In the deadlift, the bar should travel close to the shins and thighs. If that's not sufficient to ensure good technique, you may consider envisioning the path in your mind and focus on that image when performing the exercise. This method is sometimes effective for getting the bar into the correct path.

7. Aim For a Smooth and Controlled Movement

Many lifters fail to get the full benefits of squatting and deadlifting because they're not performing the exercises in a smooth and controlled fashion.

In the deadlift, they may jerk the bar off the ground instead of applying tension through the system before pulling the weight in a controlled movement. This can result in a torn biceps, head and neck issues, and increased lumbar spinal shear stresses.

Meanwhile, in the squat, a lot of lifters try to bounce as fast as they can out of the hole. While a little "bounce" in the bottom position is a natural part of the squat, it has to be done the right way. Don't think about making yourself bounce; the bounce should come naturally as a result of the tension and compression that is built up in the body.

8. Maintain a Neutral Spine


If you watch one hundred people at your local gym perform the squat or deadlift, chances are most of them either flex or overextend their spine when performing these exercises.

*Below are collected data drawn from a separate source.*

(* In each of $\mathsf{G}(\mathbf{K}_D)$, $\mathsf{G}(\mathbf{KD}_D)$ and $\mathsf{G}(\mathbf{KT}_D)$, all logical rules other than the modal rules ($(D_K)$ in $\mathsf{G}(\mathbf{K}_D)$; $(D_K)$ and $(D_D)$ in $\mathsf{G}(\mathbf{KD}_D)$; $(D_K)$ and $(D_T)$ in $\mathsf{G}(\mathbf{KT}_D)$), i.e. the rules $(R\wedge),(L\wedge),(R\vee),(L\vee),(R\rightarrow),(L\rightarrow),(R\neg),(L\neg)$, are height-preserving invertible: whenever the conclusion of an instance of such a rule has a derivation of height $n$, each premise of that instance has a derivation of height at most $n$.
   Context: Language: fix a finite nonempty set $\mathsf{Agt}$ of agents and a countable set $\mathsf{Prop}$ of propositional variables; $\mathsf{Grp}$ is the set of nonempty subsets of $\mathsf{Agt}$. Formulas: $\alpha::=p\mid\bot\mid\alpha\wedge\alpha\mid\alpha\vee\alpha\mid\alpha\rightarrow\alpha\mid\neg\alpha\mid D_G\alpha$ ($p\in\mathsf{Prop}$, $G\in\mathsf{Grp}$). Outmost-boxed formula: one of the form $D_G\gamma$. Sequent calculi (sequents $\Gamma\Rightarrow\Delta$ are pairs of finite multisets; a derivation is a finite tree built from initial sequents by rules; its height is the maximum length of a branch from the end sequent to an initial sequent): $\mathsf{G}(\mathbf{K}_D)$ has initial sequents $\Gamma,p\Rightarrow p,\Delta$ and $\bot,\Gamma\Rightarrow\Delta$; rules $(R\wedge)$ from $\Gamma\Rightarrow\Delta,\alpha_1$ and $\Gamma\Rightarrow\Delta,\alpha_2$ infer $\Gamma\Rightarrow\Delta,\alpha_1\wedge\alpha_2$; $(L\wedge)$ from $\alpha_1,\alpha_2,\Gamma\Rightarrow\Delta$ infer $\alpha_1\wedge\alpha_2,\Gamma\Rightarrow\Delta$; $(R\vee)$ from $\Gamma\Rightarrow\Delta,\alpha_1,\alpha_2$ infer $\Gamma\Rightarrow\Delta,\alpha_1\vee\alpha_2$; $(L\vee)$ from $\alpha_1,\Gamma\Rightarrow\Delta$ and $\alpha_2,\Gamma\Rightarrow\Delta$ infer $\alpha_1\vee\alpha_2,\Gamma\Rightarrow\Delta$; $(R\rightarrow)$ from $\alpha_1,\Gamma\Rightarrow\Delta,\alpha_2$ infer $\Gamma\Rightarrow\Delta,\alpha_1\rightarrow\alpha_2$; $(L\rightarrow)$ from $\Gamma\Rightarrow\Delta,\alpha_1$ and $\alpha_2,\Gamma\Rightarrow\Delta$ infer $\alpha_1\rightarrow\alpha_2,\Gamma\Rightarrow\Delta$; $(R\neg)$ from $\alpha,\Gamma\Rightarrow\Delta$ infer $\Gamma\Rightarrow\Delta,\neg\alpha$; $(L\neg)$ from $\Gamma\Rightarrow\Delta,\alpha$ infer $\neg\alpha,\Gamma\Rightarrow\Delta$; $(D_K)$: from $\alpha_1,\dots,\alpha_n\Rightarrow\beta$ ($n\ge0$) infer $\Sigma,D_{G_1}\alpha_1,\dots,D_{G_n}\alpha_n\Rightarrow D_G\beta,\Omega$ where all $G_i\subseteq G$, $\Sigma$ consists only of propositional variables, $\bot$, and $D_H\gamma$ with $H\not\subseteq G$, and $\Omega$ only of propositional variables, $\bot$, outmost-boxed formulas. $\mathsf{G}(\mathbf{KD}_D)$ adds $(D_D)$: from $\Gamma\Rightarrow$ with $\Gamma\neq\emptyset$ infer $\Sigma,D_{\{a\}}\Gamma\Rightarrow\Omega$, $\Sigma$ only propositional variables, $\bot$, $D_H\gamma$ with $H\neq\{a\}$; $\Omega$ only propositional variables, $\bot$, outmost-boxed formulas. $\mathsf{G}(\mathbf{KT}_D)$ adds to $\mathsf{G}(\mathbf{K}_D)$ $(D_T)$: from $D_G\alpha,\alpha,\Gamma\Rightarrow\Delta$ infer $D_G\alpha,\Gamma\Rightarrow\Delta$. *)

theory Defs
  imports Main "HOL-Library.Multiset" "HOL-Library.Countable"
begin

(* Agents: a finite (nonempty, as every HOL type) type 'a, Agt = UNIV.
   Propositional variables: a countable type 'p.
   Groups: nonempty sets of agents (enforced by wf_fm). *)

datatype ('a, 'p) fm =
    Prop 'p
  | Bot
  | And "('a, 'p) fm" "('a, 'p) fm"
  | Or "('a, 'p) fm" "('a, 'p) fm"
  | Imp "('a, 'p) fm" "('a, 'p) fm"
  | Neg "('a, 'p) fm"
  | D "'a set" "('a, 'p) fm"

fun wf_fm :: "('a, 'p) fm \<Rightarrow> bool" where
  "wf_fm (Prop p) = True"
| "wf_fm Bot = True"
| "wf_fm (And a b) = (wf_fm a \<and> wf_fm b)"
| "wf_fm (Or a b) = (wf_fm a \<and> wf_fm b)"
| "wf_fm (Imp a b) = (wf_fm a \<and> wf_fm b)"
| "wf_fm (Neg a) = wf_fm a"
| "wf_fm (D G a) = (G \<noteq> {} \<and> wf_fm a)"

type_synonym ('a, 'p) sequent = "('a, 'p) fm multiset \<times> ('a, 'p) fm multiset"

definition wf_seq :: "('a, 'p) sequent \<Rightarrow> bool" where
  "wf_seq s = ((\<forall>x\<in>#fst s. wf_fm x) \<and> (\<forall>x\<in>#snd s. wf_fm x))"

fun is_atom_or_bot :: "('a, 'p) fm \<Rightarrow> bool" where
  "is_atom_or_bot (Prop p) = True"
| "is_atom_or_bot Bot = True"
| "is_atom_or_bot _ = False"

fun is_boxed :: "('a, 'p) fm \<Rightarrow> bool" where
  "is_boxed (D G a) = True"
| "is_boxed _ = False"

datatype calculus = GK | GKD | GKT

inductive initial :: "('a, 'p) sequent \<Rightarrow> bool" where
  init_p: "initial (add_mset (Prop p) \<Gamma>, add_mset (Prop p) \<Delta>)"
| init_bot: "initial (add_mset Bot \<Gamma>, \<Delta>)"

inductive prop_rule :: "('a, 'p) sequent list \<Rightarrow> ('a, 'p) sequent \<Rightarrow> bool" where
  RAnd: "prop_rule [(\<Gamma>, add_mset A \<Delta>), (\<Gamma>, add_mset B \<Delta>)] (\<Gamma>, add_mset (And A B) \<Delta>)"
| LAnd: "prop_rule [(add_mset A (add_mset B \<Gamma>), \<Delta>)] (add_mset (And A B) \<Gamma>, \<Delta>)"
| ROr: "prop_rule [(\<Gamma>, add_mset A (add_mset B \<Delta>))] (\<Gamma>, add_mset (Or A B) \<Delta>)"
| LOr: "prop_rule [(add_mset A \<Gamma>, \<Delta>), (add_mset B \<Gamma>, \<Delta>)] (add_mset (Or A B) \<Gamma>, \<Delta>)"
| RImp: "prop_rule [(add_mset A \<Gamma>, add_mset B \<Delta>)] (\<Gamma>, add_mset (Imp A B) \<Delta>)"
| LImp: "prop_rule [(\<Gamma>, add_mset A \<Delta>), (add_mset B \<Gamma>, \<Delta>)] (add_mset (Imp A B) \<Gamma>, \<Delta>)"
| RNeg: "prop_rule [(add_mset A \<Gamma>, \<Delta>)] (\<Gamma>, add_mset (Neg A) \<Delta>)"
| LNeg: "prop_rule [(\<Gamma>, add_mset A \<Delta>)] (add_mset (Neg A) \<Gamma>, \<Delta>)"

inductive dk_rule :: "('a, 'p) sequent list \<Rightarrow> ('a, 'p) sequent \<Rightarrow> bool" where
  "\<lbrakk> length Gs = length As; \<forall>Gi\<in>set Gs. Gi \<subseteq> G;
     \<forall>x\<in>#\<Sigma>. is_atom_or_bot x \<or> (\<exists>H \<gamma>. x = D H \<gamma> \<and> \<not> H \<subseteq> G);
     \<forall>x\<in>#\<Omega>. is_atom_or_bot x \<or> is_boxed x \<rbrakk>
   \<Longrightarrow> dk_rule [(mset As, {#\<beta>#})]
         (\<Sigma> + mset (map2 D Gs As), add_mset (D G \<beta>) \<Omega>)"

inductive dd_rule :: "('a, 'p) sequent list \<Rightarrow> ('a, 'p) sequent \<Rightarrow> bool" where
  "\<lbrakk> \<Gamma> \<noteq> {#};
     \<forall>x\<in>#\<Sigma>. is_atom_or_bot x \<or> (\<exists>H \<gamma>. x = D H \<gamma> \<and> H \<noteq> {a});
     \<forall>x\<in>#\<Omega>. is_atom_or_bot x \<or> is_boxed x \<rbrakk>
   \<Longrightarrow> dd_rule [(\<Gamma>, {#})] (\<Sigma> + image_mset (D {a}) \<Gamma>, \<Omega>)"

inductive dt_rule :: "('a, 'p) sequent list \<Rightarrow> ('a, 'p) sequent \<Rightarrow> bool" where
  "dt_rule [(add_mset (D G A) (add_mset A \<Gamma>), \<Delta>)] (add_mset (D G A) \<Gamma>, \<Delta>)"

fun rule :: "calculus \<Rightarrow> ('a, 'p) sequent list \<Rightarrow> ('a, 'p) sequent \<Rightarrow> bool" where
  "rule GK ps c = (prop_rule ps c \<or> dk_rule ps c)"
| "rule GKD ps c = (prop_rule ps c \<or> dk_rule ps c \<or> dd_rule ps c)"
| "rule GKT ps c = (prop_rule ps c \<or> dk_rule ps c \<or> dt_rule ps c)"

(* hderiv L n s: s has a derivation in calculus L of height (exactly) n,
   height = maximal number of rule applications along a branch *)
inductive hderiv :: "calculus \<Rightarrow> nat \<Rightarrow> ('a, 'p) sequent \<Rightarrow> bool" for L where
  hd_init: "initial s \<Longrightarrow> hderiv L 0 s"
| hd_rule: "\<lbrakk> rule L ps c; length hs = length ps;
              \<forall>i < length ps. hderiv L (hs ! i) (ps ! i) \<rbrakk>
            \<Longrightarrow> hderiv L (Suc (fold max hs 0)) c"

end

theory Submission
  imports Defs "HOL-Library.Product_Plus"
begin

(* Induction on the height of a derivation of the conclusion, inverting all its
   propositional principal formulas simultaneously.  An initial sequent stays initial when
   a compound formula is replaced by its active formulas.  If the last rule introduces the
   formula X being inverted, its premises are the sequents sought.  If it is another
   propositional rule or (D_T), then X lies in the context shared by all its premises, so
   X is inverted in each premise by induction and the rule is reapplied.  The conclusion
   of (D_K) or (D_D) consists of atoms, bot and boxed formulas only, so X cannot occur in
   it. *)

datatype side = Antecedent | Succedent

fun on_side :: "side \<Rightarrow> ('a, 'p) fm \<Rightarrow> ('a, 'p) sequent" where
  "on_side Antecedent A = ({#A#}, {#})"
| "on_side Succedent A = ({#}, {#A#})"

fun active_parts :: "side \<Rightarrow> ('a, 'p) fm \<Rightarrow> ('a, 'p) sequent list" where
  "active_parts Antecedent (And A B) = [({#A, B#}, {#})]"
| "active_parts Succedent (And A B) = [({#}, {#A#}), ({#}, {#B#})]"
| "active_parts Antecedent (Or A B) = [({#A#}, {#}), ({#B#}, {#})]"
| "active_parts Succedent (Or A B) = [({#}, {#A, B#})]"
| "active_parts Antecedent (Imp A B) = [({#}, {#A#}), ({#B#}, {#})]"
| "active_parts Succedent (Imp A B) = [({#A#}, {#B#})]"
| "active_parts Antecedent (Neg A) = [({#}, {#A#})]"
| "active_parts Succedent (Neg A) = [({#A#}, {#})]"
| "active_parts _ _ = []"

While some coaches will tell you that it's no problem to perform these movements with a somewhat flexed spine, others will tell you to always strive for a nice neutral (straight) back position.

When I teach the deadlift and squat to beginners, I'll always have them strive for a neutral back position. Not because I'm overly concerned about the potential dangers associated with having a flexed spine when lifting, but because I've found that it's much easier for the trainee to get into a good movement pattern. He also avoids putting excessive load on his lower back and gets his glutes working correctly if he lifts with a neutral spine.

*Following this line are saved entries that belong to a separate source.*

lemma Finf_transitive_imp_box_multi_transitive:
  assumes "fam_transitive Finf T f"
  shows "box_multi_transitive T f"
  unfolding box_multi_transitive_def
proof (intro allI impI)
  fix r and U V :: "nat \<Rightarrow> 'a set"
  assume UV: "\<forall>i<r. openin T (U i) \<and> U i \<noteq> {} \<and> openin T (V i) \<and> V i \<noteq> {}"
  show "\<exists>k>0. \<forall>i<r. U i \<inter> (f ^^ (k * Suc i)) -` V i \<noteq> {}"
  proof (cases "r = 0")
    case False
    have inf: "fam_transitive {F. infinite F} T f"
      using assms by (rule Finf_transitive_imp_infinite_transitive)
    have ne: "topspace T \<noteq> {}"
      using UV False openin_subset[of T "U 0"] by auto
    have Vs: "\<forall>i<r. openin T (V i) \<and> V i \<noteq> {}" and Us: "\<forall>i<r. openin T (U i) \<and> U i \<noteq> {}"
      using UV by auto
    from infinite_transitive_common_pullback[OF inf openin_topspace ne Vs, where b="\<lambda>_. 0"]
    obtain V' q where V': "openin T V'" "V' \<noteq> {}" "\<forall>i<r. V' \<subseteq> (f ^^ q i) -` V i"
      by blast
    from infinite_transitive_common_pullback[OF inf openin_topspace ne Us, where b=q]
    obtain U' p where U': "openin T U'" "U' \<noteq> {}" and p: "\<forall>i<r. q i \<le> p i \<and> U' \<subseteq> (f ^^ p i) -` U i"
      by blast
    have "hitset T f U' V' \<in> Finf"
      using assms U' V' unfolding fam_transitive_def by blast
    from this[unfolded Finf_iff_fun, rule_format, of r "\<lambda>i. p i - q i"]
    obtain k where k: "k > 0" "\<forall>i<r. k * Suc i + (p i - q i) \<in> hitset T f U' V'"
      by blast
    have "U i \<inter> (f ^^ (k * Suc i)) -` V i \<noteq> {}" if i: "i < r" for i
    proof -
      obtain y where y: "y \<in> U'" "(f ^^ (k * Suc i + (p i - q i))) y \<in> V'"
        using k(2) i unfolding hitset_def by blast
      have "(f ^^ p i) y \<in> U i"
        using p y(1) i by blast
      moreover have "(f ^^ q i) ((f ^^ (k * Suc i + (p i - q i))) y) \<in> V i"
        using V'(3) y(2) i by blast
      moreover have "q i + (k * Suc i + (p i - q i)) = k * Suc i + p i"
        using p i by auto
      ultimately have "(f ^^ p i) y \<in> U i \<inter> (f ^^ (k * Suc i)) -` V i"
        by (simp add: funpow_funpow_apply)
      then show ?thesis by blast
    qed
    with k(1) show ?thesis by blast
  qed auto
qed

lemma nabla_point_transitive_imp_Finf_transitive:
  assumes "fam_point_transitive (nabla Finf) T f"
  shows "fam_transitive Finf T f"
  unfolding fam_transitive_def
proof (intro allI impI)
  fix U V assume UV: "openin T U \<and> U \<noteq> {} \<and> openin T V \<and> V \<noteq> {}"
  obtain x where D: "\<And>W. openin T W \<Longrightarrow> W \<noteq> {} \<Longrightarrow> diffset (visitset f x W) \<in> Finf"
    using assms unfolding fam_point_transitive_def nabla_def by blast
  obtain d where "d \<in> diffset (visitset f x U)"
    using Finf_infinite[OF D] UV by (metis finite.emptyI ex_in_conv)
  then obtain b where b: "(f ^^ b) x \<in> U"
    unfolding mem_diffset_visitset by blast
  obtain d where "d \<in> diffset (visitset f x V)" "b < d"
    using Finf_infinite[OF D] UV unfolding infinite_nat_iff_unbounded by blast
  then obtain c where c: "b < c" "(f ^^ c) x \<in> V"
    unfolding mem_diffset_visitset by (metis add.commute trans_less_add1)
  define p where "p = c - b"
  let ?W = "U \<inter> (f ^^ p) -` V"
  have "(f ^^ b) x \<in> ?W"
    using b c by (simp add: p_def funpow_funpow_apply)
  then have "diffset (visitset f x ?W) \<in> Finf"
    using D openin_Int_vimage_funpow UV by blast
  then show "hitset T f U V \<in> Finf"
  proof (rule Finf_shift)
    fix a assume "a \<in> diffset (visitset f x ?W)"
    then obtain e where "a > 0" "(f ^^ e) x \<in> U" "(f ^^ (e + a)) x \<in> ?W"
      unfolding mem_diffset_visitset by blast
    then show "a + p \<in> hitset T f U V"
      unfolding hitset_def by (auto simp: funpow_funpow_apply ac_simps intro!: exI[of _ "(f ^^ e) x"])
  qed
qed

definition pattern_points :: "'a set \<Rightarrow> nat list \<Rightarrow> 'a set" where
  "pattern_points U ns =
     {x \<in> topspace T. \<exists>k>0. \<forall>i<length ns. k * Suc i + ns ! i \<in> diffset (visitset f x U)}"

lemma openin_diffset_visitset:
  assumes "openin T U"
  shows "openin T {x \<in> topspace T. d \<in> diffset (visitset f x U)}"
  unfolding openin_subopen[of T "{x \<in> topspace T. d \<in> diffset (visitset f x U)}"]
proof
  fix x assume "x \<in> {x \<in> topspace T. d \<in> diffset (visitset f x U)}"
  then obtain b where x: "x \<in> topspace T" and b: "d > 0" "b > 0" "(f ^^ b) x \<in> U" "(f ^^ (b + d)) x \<in> U"
    unfolding mem_diffset_visitset by blast
  let ?N = "topspace T \<inter> (f ^^ b) -` U \<inter> (f ^^ (b + d)) -` U"
  have "openin T ?N"
    using openin_Int_vimage_funpow[OF openin_Int_vimage_funpow[OF openin_topspace assms] assms] .
  moreover have "?N \<subseteq> {x \<in> topspace T. d \<in> diffset (visitset f x U)}"
    using b unfolding mem_diffset_visitset by blast
  ultimately show "\<exists>N. openin T N \<and> x \<in> N \<and> N \<subseteq> {x \<in> topspace T. d \<in> diffset (visitset f x U)}"
    using x b by blast
qed

lemma openin_pattern_points:
  assumes "openin T U"
  shows "openin T (pattern_points U ns)"
  unfolding openin_subopen[of T "pattern_points U ns"]
proof
  fix x assume "x \<in> pattern_points U ns"
  then obtain k where x: "x \<in> topspace T" and k: "k > 0"
    "\<forall>i<length ns. k * Suc i + ns ! i \<in> diffset (visitset f x U)"
    unfolding pattern_points_def by blast
  let ?N = "(\<Inter>i\<in>{..<length ns}. {y \<in> topspace T. k * Suc i + ns ! i \<in> diffset (visitset f y U)})
            \<inter> topspace T"
  have "openin T ?N"
    using openin_diffset_visitset[OF assms] by (intro openin_INT) auto
  moreover have "?N \<subseteq> pattern_points U ns"
    using k(1) unfolding pattern_points_def by blast
  ultimately show "\<exists>N. openin T N \<and> x \<in> N \<and> N \<subseteq> pattern_points U ns"
    using x k(2) by blast
qed

lemma pattern_points_dense:
  assumes "fam_transitive Finf T f" and "openin T U" "U \<noteq> {}" and "openin T W0" "W0 \<noteq> {}"
  shows "pattern_points U ns \<inter> W0 \<noteq> {}"
proof -
  have inf: "fam_transitive {F. infinite F} T f"
    using assms(1) by (rule Finf_transitive_imp_infinite_transitive)
  have "hitset T f U U \<in> Finf"
    using assms(1-3) unfolding fam_transitive_def by blast
  then obtain k where k: "k > 0" "\<forall>i<length ns. k * Suc i + ns ! i \<in> hitset T f U U"
    unfolding Finf_iff by blast
  let ?A = "\<lambda>i. U \<inter> (f ^^ (k * Suc i + ns ! i)) -` U"
  have "\<forall>i<length ns. openin T (?A i) \<and> ?A i \<noteq> {}"
    using k(2) openin_Int_vimage_funpow[OF assms(2,2)] unfolding hitset_def by blast
  from infinite_transitive_common_pullback[OF inf assms(4,5) this, where b="\<lambda>_. 1"]
  obtain W p where W: "W \<noteq> {}" "W \<subseteq> W0" "openin T W"
    and p: "\<forall>i<length ns. 1 \<le> p i \<and> W \<subseteq> (f ^^ p i) -` ?A i"
    by blast
  obtain w where w: "w \<in> W"
    using W(1) by blast
  have "k * Suc i + ns ! i \<in> diffset (visitset f w U)" if i: "i < length ns" for i
  proof -
    have "(f ^^ p i) w \<in> ?A i" "p i > 0"
      using p w i by auto
    then show ?thesis
      unfolding mem_diffset_visitset using k(1) by (auto simp: funpow_funpow_apply ac_simps)
  qed
  moreover have "w \<in> topspace T"
    using openin_subset[OF W(3)] w by blast
  ultimately have "w \<in> pattern_points U ns"
    unfolding pattern_points_def using k(1) by blast
  then show ?thesis
    using w W(2) by blast
qed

The best strategy for achieving this position varies from person to person. For someone with a normal (neutral/slight anterior pelvic tilt) or posteriorly tilted pelvis, it's useful to think about arching the back, or perhaps even better, pulling the chest tall. For someone with excessive anterior pelvic tilt, getting the chest up is still important, but focusing on arching the back may be a mistake, as this can quickly lead to overextension of the lumbar spine.

As for the position of the neck/head, many of the strongest deadlifters and squatters in the world look straight ahead, tuck their chin and maintain a neutral neck position. It's arguable whether this is absolutely necessary, but it's generally the more accepted way to position your neck and head.